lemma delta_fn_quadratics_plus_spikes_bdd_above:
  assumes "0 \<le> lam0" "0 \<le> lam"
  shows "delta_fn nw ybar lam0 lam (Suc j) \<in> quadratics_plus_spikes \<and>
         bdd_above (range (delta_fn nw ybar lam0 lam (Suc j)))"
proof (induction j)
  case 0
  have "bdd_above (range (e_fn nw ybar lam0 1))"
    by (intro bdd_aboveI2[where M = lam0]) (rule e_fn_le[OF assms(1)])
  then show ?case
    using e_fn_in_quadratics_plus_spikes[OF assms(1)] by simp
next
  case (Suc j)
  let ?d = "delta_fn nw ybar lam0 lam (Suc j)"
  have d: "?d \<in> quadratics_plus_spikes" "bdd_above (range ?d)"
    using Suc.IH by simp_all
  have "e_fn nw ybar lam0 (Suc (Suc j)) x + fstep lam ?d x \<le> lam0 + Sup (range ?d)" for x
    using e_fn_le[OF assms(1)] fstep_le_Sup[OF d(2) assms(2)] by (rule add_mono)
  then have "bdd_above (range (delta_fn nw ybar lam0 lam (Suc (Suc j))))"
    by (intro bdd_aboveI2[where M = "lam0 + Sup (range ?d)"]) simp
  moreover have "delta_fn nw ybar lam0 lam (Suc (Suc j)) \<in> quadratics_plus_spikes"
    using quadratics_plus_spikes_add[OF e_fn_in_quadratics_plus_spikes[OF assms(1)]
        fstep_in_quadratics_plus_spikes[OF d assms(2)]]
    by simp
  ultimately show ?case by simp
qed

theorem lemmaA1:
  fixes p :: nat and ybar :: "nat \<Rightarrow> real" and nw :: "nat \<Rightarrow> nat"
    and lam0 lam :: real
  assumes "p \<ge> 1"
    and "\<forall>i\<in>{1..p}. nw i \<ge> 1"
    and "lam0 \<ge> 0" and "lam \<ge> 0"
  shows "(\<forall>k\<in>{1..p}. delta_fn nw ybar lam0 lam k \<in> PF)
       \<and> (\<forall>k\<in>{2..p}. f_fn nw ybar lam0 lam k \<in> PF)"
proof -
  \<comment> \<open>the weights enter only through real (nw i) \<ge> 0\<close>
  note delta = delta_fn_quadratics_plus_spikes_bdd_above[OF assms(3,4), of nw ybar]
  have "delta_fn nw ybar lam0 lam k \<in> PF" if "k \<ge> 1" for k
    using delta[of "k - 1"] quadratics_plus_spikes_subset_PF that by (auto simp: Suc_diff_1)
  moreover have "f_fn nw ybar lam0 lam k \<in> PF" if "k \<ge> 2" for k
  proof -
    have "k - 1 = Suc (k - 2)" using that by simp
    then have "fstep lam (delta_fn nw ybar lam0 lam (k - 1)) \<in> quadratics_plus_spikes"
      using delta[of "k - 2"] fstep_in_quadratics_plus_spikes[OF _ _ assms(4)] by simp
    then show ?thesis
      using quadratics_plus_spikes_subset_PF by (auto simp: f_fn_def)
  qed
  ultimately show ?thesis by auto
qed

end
■ ■ ■ ■ ■
WHAT IS EXPECTED: Through the line that contains "by (intro bdd_aboveI2[where M = lam0])", copy the material above exactly, beginning at its first line and including nothing more.

WRITTEN ANSWER:
lemma delta_fn_quadratics_plus_spikes_bdd_above:
  assumes "0 \<le> lam0" "0 \<le> lam"
  shows "delta_fn nw ybar lam0 lam (Suc j) \<in> quadratics_plus_spikes \<and>
         bdd_above (range (delta_fn nw ybar lam0 lam (Suc j)))"
proof (induction j)
  case 0
  have "bdd_above (range (e_fn nw ybar lam0 1))"
    by (intro bdd_aboveI2[where M = lam0]) (rule e_fn_le[OF assms(1)])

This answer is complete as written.